Quilting Friends return to help support the Ursuline Sisters

It started for Beverly Howell in the 1970s when her aunt gave her a hexagon-shaped template made from a cereal box.

Howell used the template to cut fabric pieces, then her aunt taught her to sew them together. Before she knew it, another quilter was born.

“It gets in your blood, you keep going,” she said.

On March 11, 2024, Howell was back at Maple Mount for the third as part of the Quilting Friends, a group of women who either bring quilt tops they are working on, or use the ample amount of donated fabric on hand to make new tops. The quilt tops will either be hand quilted for the Mount Quilt Club, or machine quilted to use for Quilt Bingo on Sept. 8, both of which serve to support the mission of the Ursuline Sisters.

“I think it’s a wonderful program to be involved with,” Howell said, who lives outside Memphis in Covington, Tenn. She traveled with her friend Jean Person, who has been coming for 20 years. They are in the same quilt guild at home.

“I came for Runaway Quilters, then was invited to come back to sew,” Person said. “It’s great fun and such a worthy cause. It’s relaxing and satisfies a lot of personal needs. I feel useful and helpful.”

On March 11, Person was working on adding blocks with horses on them to a western-themed quilt top. She began coming to the Mount to quilt shortly after she learned the craft 23 years ago.
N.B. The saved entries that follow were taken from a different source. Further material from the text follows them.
(* Let $k\ge 2$ and let $\mathcal{C}$ be the full flag code on $\mathbb{F}_q^{2k}$ constructed from a $k$-spread as described in the context. Let $\mathcal{F}=(\mathcal{F}_1,\ldots,\mathcal{F}_{2k-1})\in\mathcal{C}$ and let $\mathcal{X}=(\mathcal{X}_1,\ldots,\mathcal{X}_{2k-1})$ be a sequence of subspaces with $\mathcal{X}_i\subseteq\mathcal{F}_i$ for all $i$. If there exists $i\in\{1,\ldots,k\}$ with $\mathcal{X}_i\ne\{0\}$, then $\mathcal{F}$ is the unique flag $\mathcal{G}=(\mathcal{G}_1,\ldots,\mathcal{G}_{2k-1})\in\mathcal{C}$ with $\mathcal{X}_i\subseteq\mathcal{G}_i$.
   Context: $q$ is a prime power. Construction: let $\{\mathcal{S}_1,\ldots,\mathcal{S}_{q^k+1}\}$ be a $k$-spread of $\mathbb{F}_q^{2k}$ (a set of $q^k+1$ $k$-dimensional subspaces pairwise intersecting trivially), with full-rank $k\times 2k$ generator matrices $\mathrm{S}_i$ (row space $\mathcal{S}_i$). Let $\mathrm{W}_i=\begin{pmatrix}\mathrm{S}_i\\ \mathrm{S}_{i+1}\end{pmatrix}$ for $i\le q^k$ and $\mathrm{W}_{q^k+1}=\begin{pmatrix}\mathrm{S}_{q^k+1}\\ \mathrm{S}_1\end{pmatrix}$, let $\mathcal{W}_i^{(j)}$ be the row space of the first $j$ rows of $\mathrm{W}_i$, and $\mathcal{C}=\{(\mathcal{W}_i^{(1)},\ldots,\mathcal{W}_i^{(2k-1)}): 1\le i\le q^k+1\}$. *)

theory Defs
  imports Main
begin

text \<open>Vectors of F_q^n are modelled as functions nat => 'a vanishing from index n on;
  a k x n matrix is a list of k such row vectors.\<close>

definition vecs :: "nat \<Rightarrow> (nat \<Rightarrow> 'a::zero) set" where
  "vecs n = {v. \<forall>t\<ge>n. v t = 0}"

definition lin_comb :: "(nat \<Rightarrow> 'a::comm_ring_1) list \<Rightarrow> (nat \<Rightarrow> 'a) \<Rightarrow> (nat \<Rightarrow> 'a)" where
  "lin_comb rs c = (\<lambda>t. \<Sum>i<length rs. c i * (rs ! i) t)"

definition rowspace :: "(nat \<Rightarrow> 'a::comm_ring_1) list \<Rightarrow> (nat \<Rightarrow> 'a) set" where
  "rowspace rs = {lin_comb rs c | c. True}"

definition rows_indep :: "(nat \<Rightarrow> 'a::comm_ring_1) list \<Rightarrow> bool" where
  "rows_indep rs \<longleftrightarrow> (\<forall>c. lin_comb rs c = (\<lambda>_. 0) \<longrightarrow> (\<forall>i<length rs. c i = 0))"

definition is_subspace :: "nat \<Rightarrow> (nat \<Rightarrow> 'a::field) set \<Rightarrow> bool" where
  "is_subspace n U \<longleftrightarrow> U \<subseteq> vecs n \<and> (\<lambda>_. 0) \<in> U \<and>
     (\<forall>u\<in>U. \<forall>v\<in>U. (\<lambda>t. u t + v t) \<in> U) \<and> (\<forall>a. \<forall>u\<in>U. (\<lambda>t. a * u t) \<in> U)"

text \<open>S i (1 <= i <= q^k+1) is a full-rank k x 2k generator matrix of the i-th spread
  element; q = card (UNIV::'a set).\<close>
definition is_spread_gen :: "nat \<Rightarrow> (nat \<Rightarrow> (nat \<Rightarrow> 'a::{finite,field}) list) \<Rightarrow> bool" where
  "is_spread_gen k S \<longleftrightarrow>
     (\<forall>i\<in>{1..card (UNIV::'a set)^k+1}. length (S i) = k \<and> set (S i) \<subseteq> vecs (2*k) \<and> rows_indep (S i)) \<and>
     (\<forall>i\<in>{1..card (UNIV::'a set)^k+1}. \<forall>j\<in>{1..card (UNIV::'a set)^k+1}. i \<noteq> j \<longrightarrow>
        rowspace (S i) \<inter> rowspace (S j) = {(\<lambda>_. 0)})"

definition Wmat :: "nat \<Rightarrow> (nat \<Rightarrow> (nat \<Rightarrow> 'a::{finite,field}) list) \<Rightarrow> nat \<Rightarrow> (nat \<Rightarrow> 'a) list" where
  "Wmat k S i = (if i \<le> card (UNIV::'a set)^k then S i @ S (i+1) else S (card (UNIV::'a set)^k+1) @ S 1)"

text \<open>The flag (W_i^(1), ..., W_i^(2k-1)), as a function on indices 1..2k-1 (empty elsewhere).\<close>
definition spread_flag :: "nat \<Rightarrow> (nat \<Rightarrow> (nat \<Rightarrow> 'a::{finite,field}) list) \<Rightarrow> nat \<Rightarrow> nat \<Rightarrow> (nat \<Rightarrow> 'a) set" where
  "spread_flag k S i = (\<lambda>j. if j \<in> {1..2*k-1} then rowspace (take j (Wmat k S i)) else {})"

definition spread_flag_code :: "nat \<Rightarrow> (nat \<Rightarrow> (nat \<Rightarrow> 'a::{finite,field}) list) \<Rightarrow> (nat \<Rightarrow> (nat \<Rightarrow> 'a) set) set" where
  "spread_flag_code k S = {spread_flag k S i | i. i \<in> {1..card (UNIV::'a set)^k+1}}"

end

theory Submission
  imports Defs
begin

text \<open>For \<open>j \<le> k\<close> the first \<open>j\<close> rows of \<open>W\<^sub>i\<close> are rows of \<open>S\<^sub>i\<close>, so the \<open>j\<close>-th subspace of the
  \<open>i\<close>-th flag lies in the spread element \<open>\<S>\<^sub>i\<close>. Distinct spread elements meet trivially, hence a
  nonzero vector of \<open>\<X>\<^sub>j\<close> lies in the \<open>j\<close>-th subspace of only one flag of the code.
  The argument does not use \<open>k \<ge> 2\<close>.\<close>

lemma lin_comb_take:
  "lin_comb (take j rs) c = lin_comb rs (\<lambda>i. if i < j then c i else 0)"
proof
  fix t
  have "(\<Sum>i<length rs. (if i < j then c i else 0) * (rs ! i) t)
      = (\<Sum>i\<in>{..<length rs} \<inter> {i. i < j}. c i * (rs ! i) t)"
    by (simp add: sum.inter_restrict) (rule sum.cong, auto)
  also have "{..<length rs} \<inter> {i. i < j} = {..<length (take j rs)}"
    by auto
  finally show "lin_comb (take j rs) c t = lin_comb rs (\<lambda>i. if i < j then c i else 0) t"
    unfolding lin_comb_def by simp
qed

lemma rowspace_take_subset: "rowspace (take j rs) \<subseteq> rowspace rs"
  unfolding rowspace_def using lin_comb_take by blast

lemma Wmat_eq_append:
  fixes S :: "nat \<Rightarrow> (nat \<Rightarrow> 'a::{finite,field}) list"
  assumes "i \<le> card (UNIV::'a set)^k + 1"
  obtains T where "Wmat k S i = S i @ T"
proof (cases "i \<le> card (UNIV::'a set)^k")
  case True
  then show ?thesis
    using that unfolding Wmat_def by simp
next
  case False
  then have "i = card (UNIV::'a set)^k + 1"
    using assms by simp
  then show ?thesis
    using that unfolding Wmat_def by simp
qed

lemma spread_flag_subset_rowspace:
  fixes S :: "nat \<Rightarrow> (nat \<Rightarrow> 'a::{finite,field}) list"
  assumes j: "j \<in> {1..k}" and "i \<le> card (UNIV::'a set)^k + 1" and "length (S i) = k"
  shows "spread_flag k S i j \<subseteq> rowspace (S i)"
proof -
  obtain T where W: "Wmat k S i = S i @ T"
    using Wmat_eq_append[OF assms(2)] by blast
  have "j \<in> {1..2*k-1}"
    using j by auto
  then have "spread_flag k S i j = rowspace (take j (S i @ T))"
    unfolding spread_flag_def W by simp
  also have "\<dots> = rowspace (take j (S i))"
    using j assms(3) by simp
  finally show ?thesis
    using rowspace_take_subset by simp
qed

lemma spread_flag_eq_if_common_nonzero:
  fixes S :: "nat \<Rightarrow> (nat \<Rightarrow> 'a::{finite,field}) list"
  assumes spread: "is_spread_gen k S"
    and a: "a \<in> {1..card (UNIV::'a set)^k + 1}" and b: "b \<in> {1..card (UNIV::'a set)^k + 1}"
    and j: "j \<in> {1..k}"
    and "v \<in> spread_flag k S a j" and "v \<in> spread_flag k S b j" and "v \<noteq> (\<lambda>_. 0)"
  shows "a = b"
proof -
  have "length (S a) = k" and "length (S b) = k"
    using spread a b unfolding is_spread_gen_def by auto
  then have "v \<in> rowspace (S a)" and "v \<in> rowspace (S b)"
    using assms(5,6) spread_flag_subset_rowspace[OF j] a b by auto
  then show ?thesis
    using spread a b \<open>v \<noteq> (\<lambda>_. 0)\<close> unfolding is_spread_gen_def by blast
qed

theorem proposition4p11:
  fixes k :: nat and S :: "nat \<Rightarrow> (nat \<Rightarrow> 'a::{finite,field}) list"
    and F X :: "nat \<Rightarrow> (nat \<Rightarrow> 'a) set"
  assumes "k \<ge> 2"
    and "is_spread_gen k S"
    and "F \<in> spread_flag_code k S"
    and "\<forall>j\<in>{1..2*k-1}. is_subspace (2*k) (X j) \<and> X j \<subseteq> F j"
    and "\<exists>i\<in>{1..k}. X i \<noteq> {(\<lambda>_. 0)}"
  shows "\<forall>G\<in>spread_flag_code k S. (\<forall>j\<in>{1..2*k-1}. X j \<subseteq> G j) \<longrightarrow> G = F"
proof (intro ballI impI)
  fix G assume G: "G \<in> spread_flag_code k S" and GX: "\<forall>j\<in>{1..2*k-1}. X j \<subseteq> G j"
  obtain a where a: "a \<in> {1..card (UNIV::'a set)^k + 1}" "F = spread_flag k S a"
    using assms(3) unfolding spread_flag_code_def by blast
  obtain b where b: "b \<in> {1..card (UNIV::'a set)^k + 1}" "G = spread_flag k S b"
    using G unfolding spread_flag_code_def by blast
  obtain j where j: "j \<in> {1..k}" "X j \<noteq> {(\<lambda>_. 0)}"
    using assms(5) by blast
  have j_range: "j \<in> {1..2*k-1}"
    using j(1) by auto
  have "(\<lambda>_. 0) \<in> X j"
    using assms(4) j_range unfolding is_subspace_def by blast
  then obtain v where v: "v \<in> X j" "v \<noteq> (\<lambda>_. 0)"
    using j(2) by blast
  have "a = b"
    using spread_flag_eq_if_common_nonzero[OF assms(2) a(1) b(1) j(1) _ _ v(2)]
      v(1) assms(4) GX j_range a(2) b(2) by blast
  then show "G = F"
    using a b by simp
qed

end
“I had a couple of my mother’s quilt tops. I looked for help locally on how to quilt them,” Person said. “Then I decided to piece something. It’s totally addictive. Once you get started, you can’t stop.”

She and her traveling companions look forward to their yearly trip with the other Quilting Friends.

“We’ve made friends who we see once a year,” Person said.

The Quilting Friends was the brainchild of Sister Amelia Stenger in 2002. She received many donations of fabric from people, and also knew many women who loved to quilt. The annual tradition ceased four years ago with Covid, with 2023 the first time many of the volunteers had returned to the Mount. This year the participants are gathering from March 10-13.

Sister Amelia coordinated the event again this year, filling Maple Hall with donated fabric for the quilters to choose their own patterns. Sisters Sally and Elizabeth Fitzgerald came from Bowling Green, Ky., bringing their friend June Cole for the first time.

“Elizabeth is the queen of the little pieces,” Sister Amelia said. “She takes all of our scraps and pieces them together.”

“You never know how it will come out until you sew it,” Elizabeth Fitzgerald said.

“Sally can take anything and make something out of it,” Sister Amelia said.

Cole was helping Ursuline Associate Mary Teder complete a quilt by hand that will later be raffled off in the Mount Quilt Club drawing.

“I’ve been quilting for 20 years,” Cole said. “I retired and I was looking for something meaningful to do.”

Linda Jones, from Columbus, Ga., and has been coming to the Mount since the second or third year that the Runaway Quilters began. “One of our group came and asked me if I wanted to go. It’s a good family here,” Jones said.

This year she came by herself, but brought many fabric pieces that belonged to her friend Celeste Cantrell, who died in 2021. In true Quilting Friends fashion, she thought some of the other quilters could use the fabric.

“I filled my car and I stopped by her home,” Jones said. “Her husband said, ‘Whatever you can get in the car, take it.’”

Comments

  1. Cecelia J. Olinger

    We’re so grateful for all these wonderful friends who help us make quilts – for the quilt of the Month club, for the quilt Bingo, and for the quilt sale. God bless them!